Safely aboard Joshua's ship Mzu explains how thirty years ago she and other Garrisan starships were on a mission to deploy the Alchemist when they were ambushed and left for dead by Omutan hired blackhawks (as portrayed in the first chapter of The Reality Dysfunction). They were left with two badly damaged ships, one with an active ZTT drive and the other without. With a difficult decision ahead, they decided to place 30 crewmembers in zero-tau and the Alchemist on the damaged Beezling, and send them to the nearest uninhabited star two and a half light-years away at sub-light speed (9% the speed of light due to the lack of a ZTT drive), what would be a 28-year journey. Mzu and others escaped via ZTT jump on the remaining ship with the intentions of rendezvousing with the Beezling upon its arrival in 28 years.

Mzu finally reveals the location coordinates of the uninhabited star that the Beezling is now orbiting and Joshua and his crew race to the star with the intentions of intercepting and destroying the Alchemist. Upon their arrival they discover the Alchemist and the Beezling with most of its crew intact. During the rescue Joshua's ship is ambushed by two Organization hellhawks that pursued them from Nyvan. Finding himself greatly outmaneuvered, Joshua pulls off a daring stunt by deploying the Alchemist into a nearby gas giant causing it to go nova, destroying the two Organization ships. Joshua meanwhile uses his ship's anti-matter drive to safely accelerate away from the nova at forty-two gees to a distance where they can make a proper ZTT jump.

With knowledge of the Confederation's Toi Hoi assault fleet grouping and refuelling at Tranquility, the Organisation fleet, aided by a large number of hellhawks, stages a massive assault on Tranquillity, surrounding the habitat and its few blackhawk mercenary and Confederation Navy defenders. They demand Tranquillity's immediate surrender. When Ione hesitates, they launch over 5,000 anti-matter weapons at the habitat.

Later, when Lady Macbeth arrives at Mirchusko, they find a vast radioactive dead zone where Tranquillity used to be. However, there is insufficient debris or disintegrated matter in orbit to suggest the station was destroyed. Its fate is unknown.

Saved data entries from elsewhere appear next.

(* Let $\sigma=1^a21^b$ with $a\ge1$, $b\ge0$, and let $k=a+b+1$. Let $T$ be a set of patterns and $T'=\{1(\tau+1):\tau\in T\}$. For a set of patterns $R$ let $f_n(\sigma,R)$ be the number of partitions of $[n]$ avoiding $\sigma$ and every pattern in $R$. Then for every $n\ge1$, \[f_n(\sigma,T')=\sum_{i=1}^{k-2}f_{n-i}(\sigma,T)\binom{n-1}{i-1}+\sum_{i=k-1}^{n}f_{n-i}(\sigma,T)\binom{n-i+k-3}{k-3},\] where $f_m=0$ for $m<0$, and binomial coefficients $\binom{m}{-1}$ (arising only when $k=2$) are interpreted as $1$ if $m=-1$ and $0$ if $m\ge0$.
   Context: Set partitions are written in canonical sequential form (restricted growth words). Pattern containment means having a subsequence order-isomorphic to the pattern. For a word $\tau$, $\tau+1$ adds $1$ to every letter, so $1(\tau+1)$ is the pattern obtained by prefixing a new smallest block containing only the first element; $1^a$ denotes $a$ copies of $1$. *)

theory Defs
  imports Main
begin

(* Restricted growth words (canonical sequential form), letters starting at 1:
   first letter is 1, each letter is at most 1 + the maximum of the previous letters. *)
fun rgw_aux :: "nat \<Rightarrow> nat list \<Rightarrow> bool" where
  "rgw_aux m [] = True"
| "rgw_aux m (x # xs) = (1 \<le> x \<and> x \<le> m + 1 \<and> rgw_aux (max m x) xs)"

definition rgw :: "nat list \<Rightarrow> bool" where
  "rgw w = rgw_aux 0 w"

definition order_iso :: "nat list \<Rightarrow> nat list \<Rightarrow> bool" where
  "order_iso u v \<longleftrightarrow> length u = length v \<and>
     (\<forall>i<length u. \<forall>j<length u. (u ! i < u ! j \<longleftrightarrow> v ! i < v ! j))"

definition contains :: "nat list \<Rightarrow> nat list \<Rightarrow> bool" where
  "contains w p \<longleftrightarrow> (\<exists>I. order_iso (nths w I) p)"

definition avoids :: "nat list \<Rightarrow> nat list \<Rightarrow> bool" where
  "avoids w p \<longleftrightarrow> \<not> contains w p"

definition fcount :: "nat list \<Rightarrow> nat list set \<Rightarrow> int \<Rightarrow> int" where
  "fcount \<sigma> R m = (if m < 0 then 0 else
     int (card {w. rgw w \<and> length w = nat m \<and> avoids w \<sigma> \<and> (\<forall>\<tau>\<in>R. avoids w \<tau>)}))"

definition gbinom :: "int \<Rightarrow> int \<Rightarrow> int" where
  "gbinom m j = (if j = -1 then (if m = -1 then 1 else 0)
                 else if m < 0 \<or> j < 0 then 0 else int (nat m choose nat j))"

definition shift1 :: "nat list \<Rightarrow> nat list" where
  "shift1 \<tau> = 1 # map Suc \<tau>"

end

theory Submission
  imports Defs "HOL-Library.Sublist"
begin
(* Let $\mathcal{Q}$ be a finite poset equipped with the discrete $\sigma$-algebra (all subsets). Then the map \[ \psi\colon \mu\longmapsto \int_{\mathcal{Q}}\dim(-)\,d\mu \] from the set of measures on the discrete $\sigma$-algebra of $\mathcal{Q}$ to the set of additive amplitudes on $\mathrm{Vect}^{\mathcal{Q}}$ is a bijection. That is, for every additive amplitude $\alpha$ on $\mathrm{Vect}^{\mathcal{Q}}$ there is a unique measure $\mu$ on $\mathcal{Q}$ with $\alpha(M)=\int_{\mathcal{Q}}\dim M(q)\,d\mu(q)$ for all $M$.
   Context: $\mathrm{Vect}$ is the category of finite-dimensional vector spaces over a fixed field, and $\mathrm{Vect}^{\mathcal{Q}}$ is the (abelian) category of functors $\mathcal{Q}\to\mathrm{Vect}$ (persistence modules), with $\mathcal{Q}$ viewed as a category. For an abelian category $\mathcal{A}$, an amplitude is a function $\alpha\colon\operatorname{ob}\mathcal{A}\to[0,\infty]$ with $\alpha(0)=0$ such that for every short exact sequence $0\to A\to B\to C\to 0$, $\alpha(A)\le\alpha(B)$, $\alpha(C)\le\alpha(B)$ and $\alpha(B)\le\alpha(A)+\alpha(C)$; it is additive if always $\alpha(B)=\alpha(A)+\alpha(C)$. *)

theory Defs
  imports "HOL-Analysis.Nonnegative_Lebesgue_Integration" "Jordan_Normal_Form.Matrix"
begin

text \<open>Concrete model of the functor category Vect^Q over a field 'k:
  a persistence module assigns to each q the space 'k^(d q) and to each
  relation q \<le> r a (d r) x (d q) matrix, functorially. For incomparable
  pairs the matrix slot is normalised to the zero matrix.\<close>

definition is_pmod :: "('q::order \<Rightarrow> nat) \<times> ('q \<Rightarrow> 'q \<Rightarrow> 'k::field mat) \<Rightarrow> bool" where
  "is_pmod = (\<lambda>(d, m).
      (\<forall>q r. q \<le> r \<longrightarrow> m q r \<in> carrier_mat (d r) (d q)) \<and>
      (\<forall>q r. \<not> q \<le> r \<longrightarrow> m q r = 0\<^sub>m (d r) (d q)) \<and>
      (\<forall>q. m q q = 1\<^sub>m (d q)) \<and>
      (\<forall>q r s. q \<le> r \<longrightarrow> r \<le> s \<longrightarrow> m q s = m r s * m q r))"
(* Let $p\in[0,1)$, $\alpha\in[0,1]$, $0\le h_1<\dots<h_N\le1$, and nonnegative weights $f_0^S(h_j),f_0^{NS}(h_j)$, $j=1,\dots,N$, each summing to $1$; set $f_0(h_j)=\alpha f_0^S(h_j)+(1-\alpha)f_0^{NS}(h_j)$ with $f_0(h_N)>0$, and $f_0([h_i,1])=\sum_{j\ge i}f_0(h_j)$. Let $A=(A_{ij})_{i,j=1}^N$ be the matrix $$A_{ij}=\begin{cases}(1-\alpha)f_0^{NS}(h_i)-\big(p+(1-p)f_0([h_i,1])\big),& i=j,\\ (1-\alpha)\big[p+(1-p)1_{\{j\ge i\}}\big]f_0^{NS}(h_j),& i\ne j.\end{cases}$$ Then every eigenvalue $z\in\mathbb{C}$ of $A$ satisfies $\mathrm{Re}\,z\le-p\alpha-(1-p)\alpha f_0^S(h_N)$.
   Context: $A$ is the matrix of the linear ODE system satisfied by the mean opinions of non-stubborn individuals at each hierarchy level; $\alpha$ is the fraction of stubborn individuals, $f_0^S(h_j)$ and $f_0^{NS}(h_j)$ the proportions of level $h_j$ within the stubborn and non-stubborn populations. *)

theory Defs
  imports Complex_Main "Jordan_Normal_Form.Char_Poly"
begin

text \<open>Levels are indexed 0..N-1 (paper: 1..N). f0 j = alpha fS j + (1-alpha) fNS j.\<close>

definition f0 :: "real \<Rightarrow> (nat \<Rightarrow> real) \<Rightarrow> (nat \<Rightarrow> real) \<Rightarrow> nat \<Rightarrow> real" where
  "f0 \<alpha> fS fNS j = \<alpha> * fS j + (1 - \<alpha>) * fNS j"

definition f0_tail :: "nat \<Rightarrow> real \<Rightarrow> (nat \<Rightarrow> real) \<Rightarrow> (nat \<Rightarrow> real) \<Rightarrow> nat \<Rightarrow> real" where
  "f0_tail N \<alpha> fS fNS i = (\<Sum>j\<in>{i..<N}. f0 \<alpha> fS fNS j)"

definition opinion_matrix ::
  "nat \<Rightarrow> real \<Rightarrow> real \<Rightarrow> (nat \<Rightarrow> real) \<Rightarrow> (nat \<Rightarrow> real) \<Rightarrow> real mat" where
  "opinion_matrix N p \<alpha> fS fNS = mat N N (\<lambda>(i, j).
     if i = j then (1 - \<alpha>) * fNS i - (p + (1 - p) * f0_tail N \<alpha> fS fNS i)
     else (1 - \<alpha>) * (p + (1 - p) * (if j \<ge> i then 1 else 0)) * fNS j)"

end

theory Submission
  imports Defs
begin

text \<open>
  Off the diagonal the matrix \<open>A\<close> is nonnegative. If \<open>A v = z v\<close> with \<open>v \<noteq> 0\<close> and \<open>i\<close> is a
  coordinate of maximal modulus, the \<open>i\<close>-th row gives
  \<open>|z - A\<^sub>i\<^sub>i| |v\<^sub>i| \<le> \<Sum>\<^sub>j\<^sub>\<noteq>\<^sub>i A\<^sub>i\<^sub>j |v\<^sub>j| \<le> (\<Sum>\<^sub>j\<^sub>\<noteq>\<^sub>i A\<^sub>i\<^sub>j) |v\<^sub>i|\<close>, hence \<open>Re z \<le> \<Sum>\<^sub>j A\<^sub>i\<^sub>j\<close>
  (a one-sided Gershgorin estimate). Since \<open>f\<^sub>0\<^sup>N\<^sup>S\<close> sums to one, the \<open>i\<close>-th row sum of \<open>A\<close>
  is \<open>-p\<alpha> - (1-p)\<alpha> f\<^sub>0\<^sup>S([h\<^sub>i,1])\<close>, and \<open>f\<^sub>0\<^sup>S([h\<^sub>i,1]) \<ge> f\<^sub>0\<^sup>S(h\<^sub>N)\<close>.
\<close>

lemma Re_le_row_sum_at_max_component:
  fixes a :: "'i \<Rightarrow> real" and v :: "'i \<Rightarrow> complex" and z :: complex
  assumes "finite I" and "i \<in> I"
    and off_diag_nonneg: "\<And>j. j \<in> I \<Longrightarrow> j \<noteq> i \<Longrightarrow> 0 \<le> a j"
    and row_eq: "(\<Sum>j\<in>I. of_real (a j) * v j) = z * v i"
    and max_component: "\<And>j. j \<in> I \<Longrightarrow> cmod (v j) \<le> cmod (v i)"
    and "v i \<noteq> 0"
  shows "Re z \<le> (\<Sum>j\<in>I. a j)"
proof -
  let ?J = "I - {i}"
  have "(z - of_real (a i)) * v i = (\<Sum>j\<in>?J. of_real (a j) * v j)"
    using row_eq sum.remove[OF assms(1,2), of "\<lambda>j. of_real (a j) * v j"]
    by (simp add: algebra_simps)
  then have "(Re z - a i) * cmod (v i) \<le> cmod (\<Sum>j\<in>?J. of_real (a j) * v j)"
    by (metis complex_Re_le_cmod minus_complex.sel(1) Re_complex_of_real mult_right_mono
        norm_ge_zero norm_mult)
  also have "\<dots> \<le> (\<Sum>j\<in>?J. a j * cmod (v j))"
    using norm_sum[of "\<lambda>j. of_real (a j) * v j" ?J] off_diag_nonneg by (simp add: norm_mult)
  also have "\<dots> \<le> (\<Sum>j\<in>?J. a j) * cmod (v i)"
    unfolding sum_distrib_right
    by (intro sum_mono mult_left_mono) (auto simp: off_diag_nonneg max_component)
  finally have "Re z - a i \<le> (\<Sum>j\<in>?J. a j)"
    using \<open>v i \<noteq> 0\<close> by simp
  then show ?thesis
    using sum.remove[OF assms(1,2), of a] by simp
qed

lemma eigenvalue_Re_le_row_sum_if_off_diag_nonneg:
  fixes A :: "real mat" and z :: complex
  assumes A: "A \<in> carrier_mat n n"
    and off_diag_nonneg: "\<And>i j. i < n \<Longrightarrow> j < n \<Longrightarrow> i \<noteq> j \<Longrightarrow> 0 \<le> A $$ (i, j)"
    and "eigenvalue (map_mat complex_of_real A) z"
  shows "\<exists>i<n. Re z \<le> (\<Sum>j<n. A $$ (i, j))"
proof -
  obtain v where v: "v \<in> carrier_vec n" "v \<noteq> 0\<^sub>v n"
    and eigen: "map_mat complex_of_real A *\<^sub>v v = z \<cdot>\<^sub>v v"
    using assms(3) A unfolding eigenvalue_def eigenvector_def by auto
  have "n \<noteq> 0"
    using v by auto
  define m where "m = Max ((\<lambda>j. cmod (v $ j)) ` {..<n})"
  have "m \<in> (\<lambda>j. cmod (v $ j)) ` {..<n}"
    unfolding m_def using \<open>n \<noteq> 0\<close> by (intro Max_in) auto
  then obtain i where i: "i < n" "cmod (v $ i) = m"
    by auto
  have max_component: "cmod (v $ j) \<le> cmod (v $ i)" if "j < n" for j
    using that i(2) unfolding m_def by (simp add: Max_ge)
  have "v $ i \<noteq> 0"
  proof
    assume "v $ i = 0"
    then have "v = 0\<^sub>v n"
      using v(1) max_component by (intro eq_vecI) fastforce+
    with v(2) show False ..
  qed
  have row_eq: "(\<Sum>j<n. of_real (A $$ (i, j)) * v $ j) = z * v $ i"
  proof -
    have "(map_mat complex_of_real A *\<^sub>v v) $ i = z * v $ i"
      using eigen v(1) i(1) by simp
    then show ?thesis
      using A v(1) i(1) by (simp add: scalar_prod_def lessThan_atLeast0 mult.commute)
  qed
  have "Re z \<le> (\<Sum>j<n. A $$ (i, j))"
    by (rule Re_le_row_sum_at_max_component[where v = "\<lambda>j. v $ j"])
      (use i off_diag_nonneg row_eq max_component \<open>v $ i \<noteq> 0\<close> in auto)
  with i(1) show ?thesis by blast
qed

lemma opinion_matrix_carrier: "opinion_matrix N p \<alpha> fS fNS \<in> carrier_mat N N"
  by (simp add: opinion_matrix_def)

lemma opinion_matrix_entry:
  assumes "i < N" "j < N"
  shows "opinion_matrix N p \<alpha> fS fNS $$ (i, j) =
    (1 - \<alpha>) * (p + (1 - p) * (if i \<le> j then 1 else 0)) * fNS j
    - (if i = j then p + (1 - p) * f0_tail N \<alpha> fS fNS i else 0)"
  using assms by (simp add: opinion_matrix_def)

lemma opinion_matrix_off_diag_nonneg:
  assumes "0 \<le> p" "p \<le> 1" "\<alpha> \<le> 1" "0 \<le> fNS j" "i < N" "j < N" "i \<noteq> j"
  shows "0 \<le> opinion_matrix N p \<alpha> fS fNS $$ (i, j)"
  using assms by (simp add: opinion_matrix_entry)

lemma opinion_matrix_row_sum:
  assumes "i < N" and fNS_sum: "(\<Sum>j<N. fNS j) = 1"
  shows "(\<Sum>j<N. opinion_matrix N p \<alpha> fS fNS $$ (i, j)) =
    - p * \<alpha> - (1 - p) * \<alpha> * (\<Sum>j\<in>{i..<N}. fS j)"
proof -
  have tail: "(\<Sum>j<N. if i \<le> j then g j else 0) = (\<Sum>j\<in>{i..<N}. g j)" for g :: "nat \<Rightarrow> real"
    by (simp add: sum.inter_filter[symmetric]) (intro sum.cong, auto)
  have "(\<Sum>j<N. opinion_matrix N p \<alpha> fS fNS $$ (i, j)) =
      (\<Sum>j<N. (1 - \<alpha>) * (p + (1 - p) * (if i \<le> j then 1 else 0)) * fNS j)
      - (p + (1 - p) * f0_tail N \<alpha> fS fNS i)"
    using \<open>i < N\<close> by (simp add: opinion_matrix_entry sum_subtractf)
  also have "(\<Sum>j<N. (1 - \<alpha>) * (p + (1 - p) * (if i \<le> j then 1 else 0)) * fNS j) =
      (1 - \<alpha>) * p * (\<Sum>j<N. fNS j) + (1 - \<alpha>) * (1 - p) * (\<Sum>j<N. if i \<le> j then fNS j else 0)"
    unfolding sum_distrib_left sum.distrib[symmetric] by (intro sum.cong) (auto simp: algebra_simps)
  also have "f0_tail N \<alpha> fS fNS i = \<alpha> * (\<Sum>j\<in>{i..<N}. fS j) + (1 - \<alpha>) * (\<Sum>j\<in>{i..<N}. fNS j)"
    by (simp add: f0_tail_def f0_def sum.distrib sum_distrib_left)
  finally show ?thesis
    by (simp add: tail fNS_sum algebra_simps)
qed

theorem proposition4p5:
  fixes N :: nat and p \<alpha> :: real and h fS fNS :: "nat \<Rightarrow> real" and z :: complex
  assumes hp: "0 \<le> p" "p < 1"
    and h\<alpha>: "0 \<le> \<alpha>" "\<alpha> \<le> 1"
    and hh0: "0 < N \<Longrightarrow> 0 \<le> h 0"
    and hh1: "0 < N \<Longrightarrow> h (N - 1) \<le> 1"
    and hmono: "\<And>i j. i < j \<Longrightarrow> j < N \<Longrightarrow> h i < h j"
    and hfS: "\<And>j. j < N \<Longrightarrow> 0 \<le> fS j" "(\<Sum>j<N. fS j) = 1"
    and hfNS: "\<And>j. j < N \<Longrightarrow> 0 \<le> fNS j" "(\<Sum>j<N. fNS j) = 1"
    and hpos: "f0 \<alpha> fS fNS (N - 1) > 0"
    and heig: "eigenvalue (map_mat complex_of_real (opinion_matrix N p \<alpha> fS fNS)) z"
  shows "Re z \<le> - p * \<alpha> - (1 - p) * \<alpha> * fS (N - 1)"
proof -
  have "0 \<le> opinion_matrix N p \<alpha> fS fNS $$ (i, j)" if "i < N" "j < N" "i \<noteq> j" for i j
    using opinion_matrix_off_diag_nonneg that hp h\<alpha> hfNS(1) by simp
  then obtain i where "i < N" and Re_z: "Re z \<le> (\<Sum>j<N. opinion_matrix N p \<alpha> fS fNS $$ (i, j))"
    using eigenvalue_Re_le_row_sum_if_off_diag_nonneg[OF opinion_matrix_carrier _ heig] by blast
  have "fS (N - 1) \<le> (\<Sum>j\<in>{i..<N}. fS j)"
    using \<open>i < N\<close> hfS(1) by (intro member_le_sum) auto
  then have "(1 - p) * \<alpha> * fS (N - 1) \<le> (1 - p) * \<alpha> * (\<Sum>j\<in>{i..<N}. fS j)"
    using hp h\<alpha> by (intro mult_left_mono) auto
  with Re_z show ?thesis
    using opinion_matrix_row_sum[OF \<open>i < N\<close> hfNS(2)] by simp
qed

end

The story concludes in The Naked God.

== Notes ==
This novel features two appearances by actual historical figures among the possessed. Fletcher Christian, who led the mutiny on the Bounty, and 1930s American gangster Al Capone, both have prominent storylines. There is also a comedic interlude between two men both claiming to be Elvis Presley, although the implication is that both are merely Elvis impersonators.

Two lengthy subplots were cut from the novel. Taking place on Srinagar, the Hindu-ethnic planet in the same system as Valisk, this would have had an army of possessed conquering the planet with bitek constructs. The second plot would have involved Louise and Genevieve's ship crash-landing on Mars. Both plots were dropped for space reasons.